==== INPUT DATA ====

(* Let $\mathcal{H}$ be a complex Hilbert space and $A,B\in\mathcal{B}(\mathcal{H})$. Then for all $p\geq 1$, \[ \omega^{p}(A^{*}B) \leq \frac{1}{2} \|A\|^{p}\|B\|^{p} + \frac{1}{2} \omega^{p}(BA^{*}). \]
   Context: $\omega(T)=\sup\{|\langle Tx,x\rangle|:x\in\mathcal{H},\|x\|=1\}$ denotes the numerical radius and $\|\cdot\|$ the operator norm. *)

theory Defs
  imports "HOL-Analysis.Analysis"
begin

class complex_inner = real_normed_vector +
  fixes scaleC :: "complex \<Rightarrow> 'a \<Rightarrow> 'a"
    and cinner :: "'a \<Rightarrow> 'a \<Rightarrow> complex"
  assumes scaleC_add_right: "scaleC a (x + y) = scaleC a x + scaleC a y"
    and scaleC_add_left: "scaleC (a + b) x = scaleC a x + scaleC b x"
    and scaleC_scaleC: "scaleC a (scaleC b x) = scaleC (a * b) x"
    and scaleC_one: "scaleC 1 x = x"
    and scaleR_scaleC: "scaleR r x = scaleC (complex_of_real r) x"
    and cinner_add_left: "cinner (x + y) z = cinner x z + cinner y z"
    and cinner_scaleC_left: "cinner (scaleC a x) y = a * cinner x y"
    and cinner_commute: "cinner x y = cnj (cinner y x)"
    and norm_eq_sqrt_cinner: "norm x = sqrt (Re (cinner x x))"

class chilbert_space = complex_inner + complete_space

definition bounded_clinear :: "('a::complex_inner \<Rightarrow> 'b::complex_inner) \<Rightarrow> bool" where
  "bounded_clinear T \<longleftrightarrow>
     (\<forall>x y. T (x + y) = T x + T y) \<and>
     (\<forall>c x. T (scaleC c x) = scaleC c (T x)) \<and>
     (\<exists>K. \<forall>x. norm (T x) \<le> norm x * K)"

definition cadjoint :: "('a::complex_inner \<Rightarrow> 'a) \<Rightarrow> ('a \<Rightarrow> 'a)" where
  "cadjoint T = (THE S. \<forall>x y. cinner (T x) y = cinner x (S y))"

text \<open>Numerical radius; the 0 is only there so that the trivial space gets value 0
(sup of the empty set); otherwise it does not change the supremum.\<close>
definition numrad :: "('a::complex_inner \<Rightarrow> 'a) \<Rightarrow> real" where
  "numrad T = Sup (insert 0 {cmod (cinner (T x) x) | x. norm x = 1})"

end

theory Submission
  imports Defs
begin

text \<open>Since \<open>A\<^sup>*Bx\<close> paired with \<open>x\<close> is \<open>\<langle>Bx, Ax\<rangle>\<close>, for a unit vector \<open>x\<close> with \<open>Ax \<noteq> 0\<close>
and \<open>y = Ax / \<parallel>Ax\<parallel>\<close> it factors as \<open>\<langle>A\<^sup>*y, x\<rangle> \<langle>x, B\<^sup>*y\<rangle>\<close>. Buzano's inequality
\<open>2 |\<langle>u, e\<rangle> \<langle>e, v\<rangle>| \<le> \<parallel>u\<parallel> \<parallel>v\<parallel> + |\<langle>u, v\<rangle>|\<close> for unit \<open>e\<close>, with \<open>u = A\<^sup>*y\<close>, \<open>v = B\<^sup>*y\<close>,
and \<open>\<langle>A\<^sup>*y, B\<^sup>*y\<rangle> = \<langle>BA\<^sup>*y, y\<rangle>\<close> give \<open>\<omega>(A\<^sup>*B) \<le> (\<parallel>A\<parallel> \<parallel>B\<parallel> + \<omega>(BA\<^sup>*)) / 2\<close>;
convexity of \<open>t \<mapsto> t\<^sup>p\<close> finishes the proof.
Adjoints exist by the Riesz representation theorem: the point of least norm on the
hyperplane \<open>f = 1\<close>, obtained from the parallelogram law and completeness, is orthogonal
to the kernel of \<open>f\<close>.\<close>

section \<open>Complex inner product spaces\<close>

lemma cinner_zero_left [simp]: "cinner 0 (y::'a::complex_inner) = 0"
  using cinner_add_left[of 0 0 y] by simp

lemma cinner_zero_right [simp]: "cinner x (0::'a::complex_inner) = 0"
  by (metis cinner_commute cinner_zero_left complex_cnj_zero)

lemma cinner_minus_left: "cinner (- x) (y::'a::complex_inner) = - cinner x y"
  using cinner_add_left[of x "- x" y] minus_unique[of "cinner x y"] by simp

lemma cinner_diff_left: "cinner (x - z) (y::'a::complex_inner) = cinner x y - cinner z y"
  by (metis diff_conv_add_uminus cinner_add_left cinner_minus_left)

lemma cinner_add_right: "cinner x (y + z::'a::complex_inner) = cinner x y + cinner x z"
  by (metis cinner_commute cinner_add_left complex_cnj_add)

lemma cinner_diff_right: "cinner x (y - z::'a::complex_inner) = cinner x y - cinner x z"
  by (metis cinner_commute cinner_diff_left complex_cnj_diff)

lemma cinner_scaleC_right: "cinner x (scaleC a y::'a::complex_inner) = cnj a * cinner x y"
  by (metis cinner_commute cinner_scaleC_left complex_cnj_mult complex_cnj_cnj)

lemma scaleC_minus_left: "scaleC (- a) (x::'a::complex_inner) = - scaleC a x"
proof -
  have "scaleC 0 x = 0"
    using scaleR_scaleC[of 0 x] by simp
  then show ?thesis
    using scaleC_add_left[of a "- a" x] minus_unique[of "scaleC a x"] by simp
qed

lemma cinner_self_eq_norm_power2: "cinner x (x::'a::complex_inner) = of_real ((norm x)\<^sup>2)"
proof -
  have "Im (cinner x x) = 0"
    using cinner_commute[of x x] by (metis cnj.sel(2) neg_equal_zero)
  moreover have "(norm x)\<^sup>2 = Re (cinner x x)"
    using norm_eq_sqrt_cinner[of x] norm_ge_zero[of x] by simp
  ultimately show ?thesis by (simp add: complex_eq_iff)
qed

lemma norm_power2_eq_Re_cinner: "(norm (x::'a::complex_inner))\<^sup>2 = Re (cinner x x)"
  by (simp add: cinner_self_eq_norm_power2)

lemma norm_scaleC: "norm (scaleC a (x::'a::complex_inner)) = cmod a * norm x"
proof -
  have "cinner (scaleC a x) (scaleC a x) = a * cnj a * cinner x x"
    by (simp add: cinner_scaleC_left cinner_scaleC_right mult.assoc)
  then have "(norm (scaleC a x))\<^sup>2 = Re (a * cnj a * cinner x x)"
    by (simp only: norm_power2_eq_Re_cinner)
  also have "\<dots> = Re (of_real ((cmod a)\<^sup>2) * of_real ((norm x)\<^sup>2))"
    by (simp only: cinner_self_eq_norm_power2 complex_mult_cnj cmod_power2)
  also have "\<dots> = (cmod a * norm x)\<^sup>2"
    by (simp only: Re_complex_of_real of_real_mult[symmetric] power_mult_distrib)
  finally show ?thesis by (simp add: power2_eq_iff_nonneg)
qed

lemma norm_add_scaleC_power2:
  "(norm (x + scaleC s (y::'a::complex_inner)))\<^sup>2
     = (norm x)\<^sup>2 + (cmod s)\<^sup>2 * (norm y)\<^sup>2 + 2 * Re (cnj s * cinner x y)"
proof -
  have "(norm (x + scaleC s y))\<^sup>2
      = Re (cinner x x + cnj s * cinner x y + s * cinner y x + s * cnj s * cinner y y)"
    by (simp add: norm_power2_eq_Re_cinner cinner_add_left cinner_add_right cinner_scaleC_left
        cinner_scaleC_right algebra_simps)
  also have "s * cinner y x = cnj (cnj s * cinner x y)"
    by (metis cinner_commute complex_cnj_cnj complex_cnj_mult)
  finally show ?thesis
    by (simp add: cinner_self_eq_norm_power2 complex_mult_cnj cmod_power2 del: of_real_power)
qed

lemma norm_sub_projection_power2:
  fixes x y :: "'a::complex_inner"
  assumes "y \<noteq> 0"
  shows "(norm (x + scaleC (- (cinner x y / of_real ((norm y)\<^sup>2))) y))\<^sup>2
           = (norm x)\<^sup>2 - (cmod (cinner x y))\<^sup>2 / (norm y)\<^sup>2"
proof -
  define c n where "c = cinner x y" and "n = norm y"
  have "n > 0" using assms by (simp add: n_def)
  have "cmod (c / of_real (n\<^sup>2)) = cmod c / n\<^sup>2"
    by (simp add: norm_divide del: of_real_power)
  then have square_term: "(cmod (- (c / of_real (n\<^sup>2))))\<^sup>2 * n\<^sup>2 = (cmod c)\<^sup>2 / n\<^sup>2"
    using \<open>n > 0\<close> by (simp add: power_divide power2_eq_square)
  have "cnj (- (c / of_real (n\<^sup>2))) * c = - (cnj c * c) / of_real (n\<^sup>2)"
    by (simp del: of_real_power)
  moreover have "cnj c * c = of_real ((cmod c)\<^sup>2)"
    by (simp only: complex_norm_square mult.commute)
  ultimately have cross_term: "Re (cnj (- (c / of_real (n\<^sup>2))) * c) = - ((cmod c)\<^sup>2 / n\<^sup>2)"
    by (simp only: of_real_minus[symmetric] of_real_divide[symmetric] Re_complex_of_real)
  show ?thesis
    unfolding norm_add_scaleC_power2 c_def[symmetric] n_def[symmetric]
    using square_term cross_term by linarith
qed

lemma norm_cinner_le: "cmod (cinner x y) \<le> norm x * norm (y::'a::complex_inner)"
proof (cases "y = 0")
  case False
  have "(cmod (cinner x y))\<^sup>2 / (norm y)\<^sup>2 \<le> (norm x)\<^sup>2"
    using zero_le_power2[of "norm (x + scaleC (- (cinner x y / of_real ((norm y)\<^sup>2))) y)"]
    unfolding norm_sub_projection_power2[OF False] by linarith
  then have "(cmod (cinner x y))\<^sup>2 \<le> (norm x * norm y)\<^sup>2"
    using False by (simp add: pos_divide_le_eq power_mult_distrib)
  then show ?thesis by (rule power2_le_imp_le) simp
qed simp

lemma orthogonal_if_norm_minimal:
  fixes x y :: "'a::complex_inner"
  assumes "\<And>t. norm x \<le> norm (x + scaleC t y)"
  shows "cinner x y = 0"
proof (cases "y = 0")
  case False
  have "(norm x)\<^sup>2 \<le> (norm x)\<^sup>2 - (cmod (cinner x y))\<^sup>2 / (norm y)\<^sup>2"
    unfolding norm_sub_projection_power2[OF False, symmetric] by (rule power_mono[OF assms]) simp
  then show ?thesis using False by (simp add: divide_le_0_iff)
qed simp

lemma parallelogram_law:
  fixes a b :: "'a::complex_inner"
  shows "(norm (a - b))\<^sup>2 + (norm (a + b))\<^sup>2 = 2 * (norm a)\<^sup>2 + 2 * (norm b)\<^sup>2"
proof -
  have "(norm (a + b))\<^sup>2 = (norm a)\<^sup>2 + (norm b)\<^sup>2 + 2 * Re (cinner a b)"
    using norm_add_scaleC_power2[of a 1 b] by (simp add: scaleC_one)
  moreover have "(norm (a - b))\<^sup>2 = (norm a)\<^sup>2 + (norm b)\<^sup>2 - 2 * Re (cinner a b)"
    using norm_add_scaleC_power2[of a "- 1" b] by (simp add: scaleC_minus_left scaleC_one)
  ultimately show ?thesis by simp
qed

text \<open>Reflecting \<open>u\<close> in the line through \<open>e\<close> gives \<open>w\<close> with \<open>\<parallel>w\<parallel> = \<parallel>u\<parallel>\<close> and
  \<open>\<langle>w, v\<rangle> = 2 \<langle>u, e\<rangle> \<langle>e, v\<rangle> - \<langle>u, v\<rangle>\<close>; Cauchy--Schwarz for \<open>\<langle>w, v\<rangle>\<close> does the rest.\<close>
lemma Buzano_inequality:
  fixes u v e :: "'a::complex_inner"
  assumes "norm e = 1"
  shows "2 * cmod (cinner u e * cinner e v) \<le> norm u * norm v + cmod (cinner u v)"
proof -
  define w where "w = scaleC (2 * cinner u e) e - u"
  have "w = - (u + scaleC (- (2 * cinner u e)) e)"
    unfolding w_def by (simp add: scaleC_minus_left)
  then have "(norm w)\<^sup>2 = (norm (u + scaleC (- (2 * cinner u e)) e))\<^sup>2"
    by (simp only: norm_minus_cancel)
  also have "\<dots> = (norm u)\<^sup>2"
    unfolding norm_add_scaleC_power2 using assms
    by (simp add: norm_mult power_mult_distrib, subst cmod_power2, simp add: power2_eq_square)
  finally have norm_w: "norm w = norm u" by (simp add: power2_eq_iff_nonneg)
  have "2 * (cinner u e * cinner e v) = cinner w v + cinner u v"
    unfolding w_def by (simp add: cinner_diff_left cinner_scaleC_left mult.assoc)
  then have "2 * cmod (cinner u e * cinner e v) = cmod (cinner w v + cinner u v)"
    by (metis norm_mult norm_numeral)
  also have "\<dots> \<le> cmod (cinner w v) + cmod (cinner u v)" by (rule norm_triangle_ineq)
  also have "\<dots> \<le> norm u * norm v + cmod (cinner u v)"
    using norm_cinner_le[of w v] norm_w by simp
  finally show ?thesis .
qed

====

## TASK REQUIREMENTS
In the records above, locate the lines holding the word "fixes". Copy each of them.

## RESPONSE
  fixes scaleC :: "complex \<Rightarrow> 'a \<Rightarrow> 'a"
  fixes x y :: "'a::complex_inner"
  fixes x y :: "'a::complex_inner"
  fixes a b :: "'a::complex_inner"
  fixes u v e :: "'a::complex_inner"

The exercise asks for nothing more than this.